If you want to know how to invest in stock for interesting returns with low risk, I propose the use of triple crossing moving averages . This is a very well-known system, very simple, but not for that less profitable.
Before you comment, I must say that the chartist analysis is generally tricky .
I have tried everything: moving averages, supports and resistances, bands and oscillators, stars at dawn and dusk, figures of shoulders and heads both upside down, even some lost sternum out there .. and I have had very different results .
The problem I see with technical analysis is that sometimes it works wonderfully, sometimes horrible. In these last years of stock market anxiety, there have been times when the stands were pierced like butter, the stockings were crazy, and the figures seemed made by Picasso.
For this reason, the technical analysis has to be placed in context: if the bag is very volatile, better not to use it.
That’s drastic. At least in my experience.
Of course I’m not a great graphics analyst, I prefer quantitative analysis, and I only use the simplest chartist tricks.
Like the triple crossing. That simply consists of the crossing of 3 socks, short, medium and long term. For example:
In late July 2010, Alexion Pharmaceuticals ( ALXN ), took some time side, indefinite state. In August, the exponential averages of 5, 15 and 45 days converged at one point, and then, the stock began to rise, and the stockings separated.
A value that has the means of medium and long term very close is a doubtful value. Let’s say the market has a number of bullish people similar to the number of bearers. If in that situation begins a strong rise, or a strong decline, in many cases crystallizes in a sustained trend, which can be both bullish and bearish.
The advantage of these trends is that they are often long. And they are more sustained the longer the stockings have been together, that is to say, the longer the value has been in doubt. Somehow, a long lateral period helps an action to acquire “momentum”, e.g. bullish or bearish momentum.
When to buy. How to buy.
The first thing, before buying a value, is to study it, to watch it. And there are hundreds of actions, we need a graphics software that has access to the markets that interest us, (type MetaStock , or VISUALCHART ). And if we do not have chartists programs, we can use free tools on the web, such as Yahoo Financials , or stockcharts , or many others.
Therefore, the first thing is to create a basket of actions that are in lateral periods, the longer the better. We put in a spreadsheet the actions that have their means more or less close, and from there, we take a look every 2 or 3 days.
It is better not to follow too many actions.
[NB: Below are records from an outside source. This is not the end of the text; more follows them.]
lemma state_sq_norm_query: "state_sq_norm N M (query x \<psi>) = state_sq_norm N M \<psi>"
proof -
  define h where "h = (\<lambda>(i::nat, a::nat, w::nat, r::nat). (i, if x i then 1 - a else a, w, r))"
  have "query x \<psi> = \<psi> \<circ> h"
    by (auto simp: query_def h_def fun_eq_iff)
  moreover have "(\<Sum>b\<in>basis_set N M. (cmod (\<psi> (h b)))\<^sup>2) = (\<Sum>b\<in>basis_set N M. (cmod (\<psi> b))\<^sup>2)"
    by (rule sum.reindex_bij_witness[of _ h h]) (auto simp: h_def basis_set_def)
  ultimately show ?thesis
    by (simp add: state_sq_norm_def)
qed

lemma state_sq_norm_apply_op:
  assumes "unitary_op N M U"
  shows "state_sq_norm N M (apply_op N M U \<psi>) = state_sq_norm N M \<psi>"
proof -
  let ?B = "basis_set N M"
  have "complex_of_real (state_sq_norm N M (apply_op N M U \<psi>))
     = (\<Sum>b\<in>?B. (\<Sum>c\<in>?B. U b c * \<psi> c) * cnj (\<Sum>d\<in>?B. U b d * \<psi> d))"
    unfolding state_sq_norm_def apply_op_def of_real_sum complex_norm_square ..
  also have "\<dots> = (\<Sum>b\<in>?B. \<Sum>c\<in>?B. \<Sum>d\<in>?B. \<psi> c * cnj (\<psi> d) * (cnj (U b d) * U b c))"
    unfolding cnj_sum sum_product by (simp add: mult_ac)
  also have "\<dots> = (\<Sum>c\<in>?B. \<Sum>d\<in>?B. \<Sum>b\<in>?B. \<psi> c * cnj (\<psi> d) * (cnj (U b d) * U b c))"
    by (subst sum.swap) (rule sum.cong[OF refl], rule sum.swap)
  also have "\<dots> = (\<Sum>c\<in>?B. \<Sum>d\<in>?B. \<psi> c * cnj (\<psi> d) * (\<Sum>b\<in>?B. cnj (U b d) * U b c))"
    by (simp only: sum_distrib_left)
  also have "\<dots> = (\<Sum>c\<in>?B. \<Sum>d\<in>?B. if d = c then \<psi> c * cnj (\<psi> d) else 0)"
    using assms unfolding unitary_op_def by (intro sum.cong refl) simp
  also have "\<dots> = (\<Sum>c\<in>?B. \<psi> c * cnj (\<psi> c))"
    by (simp add: sum.delta)
  also have "\<dots> = complex_of_real (state_sq_norm N M \<psi>)"
    unfolding state_sq_norm_def of_real_sum complex_norm_square ..
  finally show ?thesis by (simp only: of_real_eq_iff)
qed

lemma state_sq_norm_run:
  "\<forall>U\<in>set Us. unitary_op N M U \<Longrightarrow> state_sq_norm N M (run N M Us x \<psi>) = state_sq_norm N M \<psi>"
  by (induction N M Us x \<psi> rule: run.induct)
    (simp_all add: state_sq_norm_apply_op state_sq_norm_query)

lemma prob_result_0_add_1:
  assumes "b0 \<in> basis_set N M" "\<forall>U\<in>set Us. unitary_op N M U"
  shows "prob_result N M Us b0 x 0 + prob_result N M Us b0 x 1 = 1"
proof -
  let ?B = "basis_set N M" and ?r = "\<lambda>b. snd (snd (snd b))"
  have "{b\<in>?B. ?r b = 1} = ?B - {b\<in>?B. ?r b = 0}"
    by (auto simp: basis_set_def)
  then have "prob_result N M Us b0 x 0 + prob_result N M Us b0 x 1
      = state_sq_norm N M (run N M Us x (basis_state b0))"
    unfolding prob_result_def state_sq_norm_def
    by (simp add: sum.subset_diff[of "{b\<in>?B. ?r b = 0}" ?B])
  also have "\<dots> = state_sq_norm N M (basis_state b0)"
    using assms(2) by (rule state_sq_norm_run)
  also have "\<dots> = 1"
  proof -
    have "state_sq_norm N M (basis_state b0) = (\<Sum>b\<in>basis_set N M. if b = b0 then 1 else 0)"
      unfolding state_sq_norm_def by (intro sum.cong) (auto simp: basis_state_def)
    then show ?thesis
      using assms(1) by simp
  qed
  finally show ?thesis .
qed

lemma fourier_deg_le_bit: "fourier_deg_le N 1 (\<lambda>x. if x i then 1 else 0)"
proof (cases "i < N")
  case True
  have "fourier_deg_le N 1 (\<lambda>x. 1 / 2 + (- 1 / 2) * walsh {i} x)"
    using fourier_deg_le_walsh[of "{i}" N] True
    by (intro fourier_deg_le_add fourier_deg_le_const fourier_deg_le_scale) simp_all
  then show ?thesis
    by (rule fourier_deg_le_cong) (simp add: walsh_singleton)
next
  case False
  then show ?thesis
    by (intro fourier_deg_le_cong[OF fourier_deg_le_const[of N 1 0]]) (auto simp: cube_def)
qed

lemma fourier_deg_le_apply_op:
  assumes "\<forall>c\<in>basis_set N M. fourier_deg_le N d (\<lambda>x. \<phi> x c)"
  shows "fourier_deg_le N d (\<lambda>x. apply_op N M U (\<phi> x) b)"
  unfolding apply_op_def using assms
  by (intro fourier_deg_le_sum fourier_deg_le_scale) simp_all

text \<open>The query gate is affine in the queried bit, so it raises the degree by one.\<close>

lemma fourier_deg_le_query:
  assumes "\<And>b. fourier_deg_le N d (\<lambda>x. \<psi> x b)"
  shows "fourier_deg_le N (d + 1) (\<lambda>x. query x (\<psi> x) b)"
proof -
  obtain i a w r where b: "b = (i, a, w, r)" by (cases b)
  let ?bit = "\<lambda>x. if x i then 1 else 0 :: complex"
  have "fourier_deg_le N (1 + d)
      (\<lambda>x. (1 + (- 1) * ?bit x) * \<psi> x (i, a, w, r) + ?bit x * \<psi> x (i, 1 - a, w, r))"
    by (intro fourier_deg_le_add fourier_deg_le_mult fourier_deg_le_const fourier_deg_le_scale
        fourier_deg_le_bit assms)
  then show ?thesis
    by (rule fourier_deg_le_cong[OF fourier_deg_le_mono]) (auto simp: query_def b)
qed

text \<open>The list \<open>Us\<close> describes an algorithm with \<open>length Us - 1\<close> queries.\<close>

lemma fourier_deg_le_run:
  assumes "\<forall>c\<in>basis_set N M. fourier_deg_le N d (\<lambda>x. \<phi> x c)" "b \<in> basis_set N M"
  shows "fourier_deg_le N (d + (length Us - 1)) (\<lambda>x. run N M Us x (\<phi> x) b)"
  using assms
proof (induction Us arbitrary: d \<phi> rule: induct_list012)
  case (3 U V Us)
  have "fourier_deg_le N d (\<lambda>x. apply_op N M U (\<phi> x) b)" for b
    using "3.prems"(1) by (rule fourier_deg_le_apply_op)
  then have "fourier_deg_le N (d + 1) (\<lambda>x. query x (apply_op N M U (\<phi> x)) c)" for c
    by (rule fourier_deg_le_query)
  then show ?case
    using "3.IH"(2)[of "d + 1"] "3.prems"(2) by simp
qed (simp_all add: fourier_deg_le_apply_op)

lemma fourier_deg_le_prob_result:
  "fourier_deg_le N (2 * (length Us - 1)) (\<lambda>x. complex_of_real (prob_result N M Us b0 x v))"
proof -
  let ?\<psi> = "\<lambda>x. run N M Us x (basis_state b0)"
  have amplitude: "fourier_deg_le N (length Us - 1) (\<lambda>x. ?\<psi> x b)" if "b \<in> basis_set N M" for b
    using fourier_deg_le_run[of N M 0 "\<lambda>x. basis_state b0", OF _ that] fourier_deg_le_const
    by simp
  have "fourier_deg_le N (length Us - 1 + (length Us - 1))
      (\<lambda>x. \<Sum>b\<in>{b\<in>basis_set N M. snd (snd (snd b)) = v}. ?\<psi> x b * cnj (?\<psi> x b))"
    by (intro fourier_deg_le_sum fourier_deg_le_mult fourier_deg_le_cnj amplitude) auto
  then show ?thesis
    unfolding prob_result_def of_real_sum complex_norm_square by (simp add: mult_2)
qed

section \<open>Influence and the query lower bound\<close>

definition result_bias :: "nat \<Rightarrow> nat \<Rightarrow> qop list \<Rightarrow> basis \<Rightarrow> (nat \<Rightarrow> bool) \<Rightarrow> real" where
  "result_bias N M Us b0 x = prob_result N M Us b0 x 0 - prob_result N M Us b0 x 1"

lemma prob_result_nonneg: "0 \<le> prob_result N M Us b0 x v"
  by (simp add: prob_result_def sum_nonneg)

lemma abs_result_bias_le_1:
  assumes "b0 \<in> basis_set N M" "\<forall>U\<in>set Us. unitary_op N M U"
  shows "\<bar>result_bias N M Us b0 x\<bar> \<le> 1"
  using prob_result_0_add_1[OF assms, of x]
    prob_result_nonneg[of N M Us b0 x 0] prob_result_nonneg[of N M Us b0 x 1]
  by (simp add: result_bias_def abs_le_iff)

lemma result_bias_gap:
  assumes "b0 \<in> basis_set N M" "\<forall>U\<in>set Us. unitary_op N M U"
    and "computes_with_error N M Us b0 f \<epsilon>" "\<forall>x\<in>cube N. f x \<in> {-1, 1}"
    and "x \<in> cube N" "y \<in> cube N" "f x \<noteq> f y"
  shows "2 - 4 * \<epsilon> \<le> \<bar>result_bias N M Us b0 x - result_bias N M Us b0 y\<bar>"
proof -
  have gap: "2 - 4 * \<epsilon> \<le> result_bias N M Us b0 u - result_bias N M Us b0 v"
    if "u \<in> cube N" "v \<in> cube N" "f u = 1" "f v \<noteq> 1" for u v
  proof -
    have "1 - \<epsilon> \<le> prob_result N M Us b0 u 0" "1 - \<epsilon> \<le> prob_result N M Us b0 v 1"
      using assms(3) that by (auto simp: computes_with_error_def)
    then show ?thesis
      using prob_result_0_add_1[OF assms(1,2), of u] prob_result_0_add_1[OF assms(1,2), of v]
      by (simp add: result_bias_def)
  qed
  show ?thesis
  proof (cases "f x = 1")
    case True
    then show ?thesis using gap[of x y] assms(5-7) by simp
  next
    case False
    moreover have "f x \<in> {-1, 1}" "f y \<in> {-1, 1}" using assms(4-6) by auto
    ultimately have "f y = 1" using assms(7) by auto
    then show ?thesis using gap[of y x] False assms(5,6) by simp
  qed
qed

lemma sum_sq_flip_diff_result_bias_le:
  assumes "b0 \<in> basis_set N M" "\<forall>U\<in>set Us. unitary_op N M U" "length Us = T + 1"
  shows "(\<Sum>i<N. \<Sum>x\<in>cube N. (result_bias N M Us b0 x - result_bias N M Us b0 (flip i x))\<^sup>2)
    \<le> 8 * real T * 2 ^ N"
proof -
  let ?r = "result_bias N M Us b0"
  define g where "g x = complex_of_real (?r x)" for x
  have prob_deg: "fourier_deg_le N (2 * T) (\<lambda>x. complex_of_real (prob_result N M Us b0 x v))" for v
    using fourier_deg_le_prob_result[of N Us M b0 v] assms(3) by simp
  have "fourier_deg_le N (2 * T) g"
    unfolding g_def result_bias_def of_real_diff by (rule fourier_deg_le_diff[OF prob_deg prob_deg])
  then have "(\<Sum>i<N. \<Sum>x\<in>cube N. (cmod (g x - g (flip i x)))\<^sup>2)
      \<le> 4 * real (2 * T) * (\<Sum>x\<in>cube N. (cmod (g x))\<^sup>2)"
    by (rule sum_sq_flip_diff_le_degree)
  also have "\<dots> \<le> 4 * real (2 * T) * (\<Sum>x\<in>cube N. 1)"
    using abs_result_bias_le_1[OF assms(1,2)]
    by (intro mult_left_mono sum_mono) (simp_all add: g_def abs_square_le_1)
  finally show ?thesis
    by (simp add: g_def card_cube flip: of_real_diff)
qed

lemma sum_influence_le_sum_sq_flip_diff:
  fixes h :: "(nat \<Rightarrow> bool) \<Rightarrow> real"
  assumes "0 \<le> \<delta>"
    and "\<And>i x. i < N \<Longrightarrow> x \<in> cube N \<Longrightarrow> f x \<noteq> f (flip i x) \<Longrightarrow> \<delta> \<le> \<bar>h x - h (flip i x)\<bar>"
  shows "\<delta>\<^sup>2 * 2 ^ N * (\<Sum>i<N. influence N f i) \<le> (\<Sum>i<N. \<Sum>x\<in>cube N. (h x - h (flip i x))\<^sup>2)"
proof -
  have "\<delta>\<^sup>2 * card {x\<in>cube N. f x \<noteq> f (flip i x)} \<le> (\<Sum>x\<in>cube N. (h x - h (flip i x))\<^sup>2)"
    if "i < N" for i
  proof -
    have "\<delta>\<^sup>2 * card {x\<in>cube N. f x \<noteq> f (flip i x)} = (\<Sum>x\<in>{x\<in>cube N. f x \<noteq> f (flip i x)}. \<delta>\<^sup>2)"
      by simp
    also have "\<dots> \<le> (\<Sum>x\<in>{x\<in>cube N. f x \<noteq> f (flip i x)}. (h x - h (flip i x))\<^sup>2)"
    proof (rule sum_mono)
      fix x assume "x \<in> {x\<in>cube N. f x \<noteq> f (flip i x)}"
      then have "\<delta> \<le> \<bar>h x - h (flip i x)\<bar>" using assms(2) that by blast
      then show "\<delta>\<^sup>2 \<le> (h x - h (flip i x))\<^sup>2"
        using assms(1) by (metis power2_abs power_mono)
    qed
    also have "\<dots> \<le> (\<Sum>x\<in>cube N. (h x - h (flip i x))\<^sup>2)"
      by (intro sum_mono2) auto
    finally show ?thesis .
  qed
  then have "(\<Sum>i<N. \<delta>\<^sup>2 * card {x\<in>cube N. f x \<noteq> f (flip i x)})
      \<le> (\<Sum>i<N. \<Sum>x\<in>cube N. (h x - h (flip i x))\<^sup>2)"
    by (intro sum_mono) simp
  then show ?thesis
    by (simp add: influence_def sum_distrib_left)
qed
With 10 may be enough, but also depends on the time that we devote. Following a greater number of actions will cause us more mistakes. If we observe few actions, when one of them starts to shoot his stockings, we will realize more clearly and more quickly.
I have done a quick exploration of Nasdaq 100 stock to see what is currently in that state. This has come out to me:
I do not say that these actions will take off (or collapse) tomorrow; They are simply examples of actions on the takeoff ramp. Then you can do it, or not.
On the other hand, what means did you use ?. Normally we talk about exponential means of 5, 15 and 40/45 days. They can be somewhat different, depending on the type of actions that we are following. A few days up or down in stockings should not have a huge influence.
The case is that when some stock rises strong 2 or 3 days in a row, and your stockings begin to separate, we buy. But when exactly? We have three options:
1- Buy at the moment that the 3 means separate 1% or 2% (although this percentage can increase in the case of very volatile stocks). That is, generally buy fast. The advantage of this method is that we will catch the trend from the beginning, so, if tie ne success , we will get higher returns. The disadvantage is that we will have a greater number of false signals.
2- Wait until the action exceeds a previous resistance, that is, a maximum of the action at an earlier time not too distant. As in the example of ALXN:
The red line is the resistance of a last maximum. When surpassed, it is bought (green arrow)
3- The third option is to accumulate. That is, invest half of the capital at the time the stockings separate. Hold the investment, and when the trend is confirmed, either because a resistance is overcome or because there is a correction and then continues to rise, it is repurchased with the rest of the capital.
The second and third options are the most prudent. Although we could very well opt for the first option, (buy very fast) if we have found other indicators that confirm the beginning of the trend. Those other indicators may be other technical signals, or more frequently, recent favorable news about the company.
This style of investment can give great satisfaction when “we catch the good wave”. But it has a problem: the success rate is low, usually less than 50%. That is, we will have many losses and few operations to benefit.
If we want our mathematical hope to be positive, we need to lose little when we lose, and earn a lot when we win. For this, we must have the loss stops correctly located, and also hurry “the wave” as much as we can. That is, you have to manage the outputs correctly, because otherwise the method will not be profitable.
To not widen, I continue in another post, where we will see loss stops, exit strategy and possible results.
It’s a simple system, any investor can follow, right?